> _Problem to solve_:
Each line that includes "longlongrightarrow" must be copied from the records.

> _Input material_:

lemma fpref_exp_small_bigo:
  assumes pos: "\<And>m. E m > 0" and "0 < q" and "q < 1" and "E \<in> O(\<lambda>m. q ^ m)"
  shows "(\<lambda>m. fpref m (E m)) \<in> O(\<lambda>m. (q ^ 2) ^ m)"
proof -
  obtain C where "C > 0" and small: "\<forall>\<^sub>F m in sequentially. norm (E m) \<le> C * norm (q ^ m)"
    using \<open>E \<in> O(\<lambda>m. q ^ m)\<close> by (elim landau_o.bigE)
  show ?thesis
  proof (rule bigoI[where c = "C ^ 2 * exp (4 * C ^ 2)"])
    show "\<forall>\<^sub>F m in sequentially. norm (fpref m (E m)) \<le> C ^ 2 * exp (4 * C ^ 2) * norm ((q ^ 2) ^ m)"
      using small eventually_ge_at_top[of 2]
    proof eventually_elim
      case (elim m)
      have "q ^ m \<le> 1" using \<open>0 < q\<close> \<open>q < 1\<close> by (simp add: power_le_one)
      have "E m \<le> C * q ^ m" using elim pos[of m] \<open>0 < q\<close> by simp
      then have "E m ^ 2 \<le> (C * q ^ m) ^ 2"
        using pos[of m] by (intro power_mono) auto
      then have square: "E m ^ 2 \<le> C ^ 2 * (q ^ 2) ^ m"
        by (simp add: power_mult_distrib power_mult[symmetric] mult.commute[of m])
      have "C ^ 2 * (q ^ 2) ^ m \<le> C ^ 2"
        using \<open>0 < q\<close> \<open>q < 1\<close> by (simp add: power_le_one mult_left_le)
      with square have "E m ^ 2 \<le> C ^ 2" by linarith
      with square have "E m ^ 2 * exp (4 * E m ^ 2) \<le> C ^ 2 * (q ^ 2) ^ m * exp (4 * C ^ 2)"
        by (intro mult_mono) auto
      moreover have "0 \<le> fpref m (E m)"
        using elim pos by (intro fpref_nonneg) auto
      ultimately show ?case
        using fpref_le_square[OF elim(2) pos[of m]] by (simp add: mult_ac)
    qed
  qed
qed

* * *

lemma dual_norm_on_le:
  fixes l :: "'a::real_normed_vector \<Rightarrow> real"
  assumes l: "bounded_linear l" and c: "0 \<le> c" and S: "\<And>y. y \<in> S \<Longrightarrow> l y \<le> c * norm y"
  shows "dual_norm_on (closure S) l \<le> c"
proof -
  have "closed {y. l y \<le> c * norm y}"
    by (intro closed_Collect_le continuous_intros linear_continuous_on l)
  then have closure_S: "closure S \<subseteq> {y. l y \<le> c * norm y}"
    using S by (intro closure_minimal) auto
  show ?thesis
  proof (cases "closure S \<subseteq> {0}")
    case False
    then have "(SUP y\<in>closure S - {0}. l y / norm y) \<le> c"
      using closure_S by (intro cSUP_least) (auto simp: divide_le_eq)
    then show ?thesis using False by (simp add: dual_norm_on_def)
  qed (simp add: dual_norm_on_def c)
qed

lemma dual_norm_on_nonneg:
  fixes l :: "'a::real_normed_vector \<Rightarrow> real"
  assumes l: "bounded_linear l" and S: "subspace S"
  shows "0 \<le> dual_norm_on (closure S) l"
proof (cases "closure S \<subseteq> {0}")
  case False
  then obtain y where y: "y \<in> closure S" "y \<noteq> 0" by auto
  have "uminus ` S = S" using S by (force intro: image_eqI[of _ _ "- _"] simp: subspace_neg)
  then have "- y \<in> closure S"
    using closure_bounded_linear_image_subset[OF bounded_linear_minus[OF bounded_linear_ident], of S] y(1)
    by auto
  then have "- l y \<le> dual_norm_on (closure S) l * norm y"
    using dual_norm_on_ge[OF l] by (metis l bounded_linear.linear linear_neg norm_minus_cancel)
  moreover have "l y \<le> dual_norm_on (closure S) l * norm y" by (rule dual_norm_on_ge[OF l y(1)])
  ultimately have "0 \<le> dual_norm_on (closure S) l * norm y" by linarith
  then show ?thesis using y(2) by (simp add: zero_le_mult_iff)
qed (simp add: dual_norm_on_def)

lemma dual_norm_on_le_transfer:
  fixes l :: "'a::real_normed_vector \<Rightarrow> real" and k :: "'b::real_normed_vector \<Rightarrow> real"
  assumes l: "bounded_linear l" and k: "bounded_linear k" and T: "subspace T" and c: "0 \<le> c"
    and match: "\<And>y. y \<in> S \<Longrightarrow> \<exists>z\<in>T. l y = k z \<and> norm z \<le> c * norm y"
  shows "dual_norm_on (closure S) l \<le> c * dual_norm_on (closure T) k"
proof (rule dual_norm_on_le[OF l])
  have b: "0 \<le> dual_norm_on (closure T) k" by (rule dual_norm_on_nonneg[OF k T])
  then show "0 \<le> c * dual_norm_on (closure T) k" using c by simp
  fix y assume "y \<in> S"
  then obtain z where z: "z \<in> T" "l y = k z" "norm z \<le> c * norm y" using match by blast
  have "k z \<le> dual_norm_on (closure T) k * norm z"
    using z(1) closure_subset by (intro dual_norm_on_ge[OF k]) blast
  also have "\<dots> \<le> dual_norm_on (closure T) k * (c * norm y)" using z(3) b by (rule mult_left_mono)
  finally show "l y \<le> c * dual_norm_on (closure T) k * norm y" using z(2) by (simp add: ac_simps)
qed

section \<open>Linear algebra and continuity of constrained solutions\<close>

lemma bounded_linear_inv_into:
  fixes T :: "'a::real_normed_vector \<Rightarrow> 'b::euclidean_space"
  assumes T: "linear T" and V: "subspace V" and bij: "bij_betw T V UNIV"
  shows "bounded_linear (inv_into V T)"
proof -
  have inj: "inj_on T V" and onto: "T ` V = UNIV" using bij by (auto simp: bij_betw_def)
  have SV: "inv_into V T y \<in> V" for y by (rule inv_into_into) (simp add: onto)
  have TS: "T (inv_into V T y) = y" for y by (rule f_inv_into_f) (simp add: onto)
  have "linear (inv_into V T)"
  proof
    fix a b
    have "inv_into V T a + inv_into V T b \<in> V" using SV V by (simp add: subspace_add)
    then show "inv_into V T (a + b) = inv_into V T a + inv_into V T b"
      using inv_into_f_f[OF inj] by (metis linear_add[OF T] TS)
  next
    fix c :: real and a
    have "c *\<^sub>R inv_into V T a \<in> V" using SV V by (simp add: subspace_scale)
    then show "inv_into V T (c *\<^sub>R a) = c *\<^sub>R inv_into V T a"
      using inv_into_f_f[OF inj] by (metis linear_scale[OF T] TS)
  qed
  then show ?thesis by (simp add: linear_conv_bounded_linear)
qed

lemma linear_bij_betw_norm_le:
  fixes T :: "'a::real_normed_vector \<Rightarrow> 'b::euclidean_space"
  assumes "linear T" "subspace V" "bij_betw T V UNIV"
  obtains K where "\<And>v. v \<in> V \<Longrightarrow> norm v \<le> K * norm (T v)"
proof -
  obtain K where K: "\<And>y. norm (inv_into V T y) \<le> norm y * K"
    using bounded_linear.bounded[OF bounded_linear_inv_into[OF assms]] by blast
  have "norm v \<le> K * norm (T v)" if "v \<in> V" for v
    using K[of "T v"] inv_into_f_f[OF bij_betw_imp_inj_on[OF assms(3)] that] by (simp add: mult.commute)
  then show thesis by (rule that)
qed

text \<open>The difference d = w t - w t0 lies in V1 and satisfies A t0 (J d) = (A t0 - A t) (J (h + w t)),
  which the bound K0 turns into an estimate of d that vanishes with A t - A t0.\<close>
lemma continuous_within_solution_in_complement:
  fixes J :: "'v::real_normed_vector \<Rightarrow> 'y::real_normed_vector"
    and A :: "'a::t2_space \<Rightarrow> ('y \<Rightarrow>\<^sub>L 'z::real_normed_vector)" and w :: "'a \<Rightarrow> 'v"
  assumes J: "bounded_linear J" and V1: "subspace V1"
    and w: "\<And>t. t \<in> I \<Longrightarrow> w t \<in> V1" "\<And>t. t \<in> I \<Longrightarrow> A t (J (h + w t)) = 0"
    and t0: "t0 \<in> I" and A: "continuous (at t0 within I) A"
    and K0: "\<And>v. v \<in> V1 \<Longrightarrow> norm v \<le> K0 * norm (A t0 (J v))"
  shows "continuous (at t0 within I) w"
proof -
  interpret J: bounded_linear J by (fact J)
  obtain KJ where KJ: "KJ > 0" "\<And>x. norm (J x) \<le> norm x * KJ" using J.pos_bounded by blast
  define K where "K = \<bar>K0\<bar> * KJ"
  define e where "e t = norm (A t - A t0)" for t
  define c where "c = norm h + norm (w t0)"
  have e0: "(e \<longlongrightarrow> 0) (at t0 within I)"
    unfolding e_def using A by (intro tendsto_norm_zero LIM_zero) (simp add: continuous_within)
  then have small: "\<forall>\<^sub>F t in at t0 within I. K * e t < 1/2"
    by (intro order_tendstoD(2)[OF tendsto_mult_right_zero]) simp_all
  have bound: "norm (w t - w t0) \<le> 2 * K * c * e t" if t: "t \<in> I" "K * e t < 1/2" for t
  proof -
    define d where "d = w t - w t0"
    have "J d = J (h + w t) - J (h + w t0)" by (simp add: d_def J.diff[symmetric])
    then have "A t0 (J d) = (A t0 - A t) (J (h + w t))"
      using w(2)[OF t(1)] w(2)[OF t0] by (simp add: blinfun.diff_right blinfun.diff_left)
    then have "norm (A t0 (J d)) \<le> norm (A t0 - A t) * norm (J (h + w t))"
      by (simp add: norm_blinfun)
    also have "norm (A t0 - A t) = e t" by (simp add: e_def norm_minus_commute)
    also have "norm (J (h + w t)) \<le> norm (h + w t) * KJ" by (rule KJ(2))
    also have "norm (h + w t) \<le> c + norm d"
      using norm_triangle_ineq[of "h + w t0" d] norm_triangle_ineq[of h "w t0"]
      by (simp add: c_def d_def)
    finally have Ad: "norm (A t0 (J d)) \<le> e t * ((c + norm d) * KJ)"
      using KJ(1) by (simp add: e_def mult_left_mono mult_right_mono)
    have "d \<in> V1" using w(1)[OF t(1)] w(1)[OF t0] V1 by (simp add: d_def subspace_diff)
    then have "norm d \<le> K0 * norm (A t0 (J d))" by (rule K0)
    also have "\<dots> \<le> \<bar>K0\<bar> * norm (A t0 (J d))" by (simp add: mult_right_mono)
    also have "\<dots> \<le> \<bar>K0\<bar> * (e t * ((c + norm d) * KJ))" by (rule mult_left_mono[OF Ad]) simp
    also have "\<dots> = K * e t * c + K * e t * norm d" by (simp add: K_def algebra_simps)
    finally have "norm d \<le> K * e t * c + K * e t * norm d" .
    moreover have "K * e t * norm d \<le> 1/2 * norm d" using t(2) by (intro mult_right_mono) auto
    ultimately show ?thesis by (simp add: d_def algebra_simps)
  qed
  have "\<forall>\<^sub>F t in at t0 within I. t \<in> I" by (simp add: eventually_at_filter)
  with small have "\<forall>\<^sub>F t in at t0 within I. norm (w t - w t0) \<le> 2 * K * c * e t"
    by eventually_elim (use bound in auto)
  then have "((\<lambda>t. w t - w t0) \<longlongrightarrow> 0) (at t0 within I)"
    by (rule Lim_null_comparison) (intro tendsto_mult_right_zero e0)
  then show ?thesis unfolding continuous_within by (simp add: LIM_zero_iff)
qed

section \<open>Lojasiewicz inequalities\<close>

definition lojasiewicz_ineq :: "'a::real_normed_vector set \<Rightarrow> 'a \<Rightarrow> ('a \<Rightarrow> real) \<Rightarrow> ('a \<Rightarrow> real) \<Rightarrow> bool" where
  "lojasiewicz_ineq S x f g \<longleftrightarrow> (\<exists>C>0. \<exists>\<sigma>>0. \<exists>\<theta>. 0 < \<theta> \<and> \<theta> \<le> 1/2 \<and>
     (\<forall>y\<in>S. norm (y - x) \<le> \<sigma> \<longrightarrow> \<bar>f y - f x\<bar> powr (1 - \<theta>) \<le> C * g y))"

> _Solution to the exercise_:
  have e0: "(e \<longlongrightarrow> 0) (at t0 within I)"
  then have "((\<lambda>t. w t - w t0) \<longlongrightarrow> 0) (at t0 within I)"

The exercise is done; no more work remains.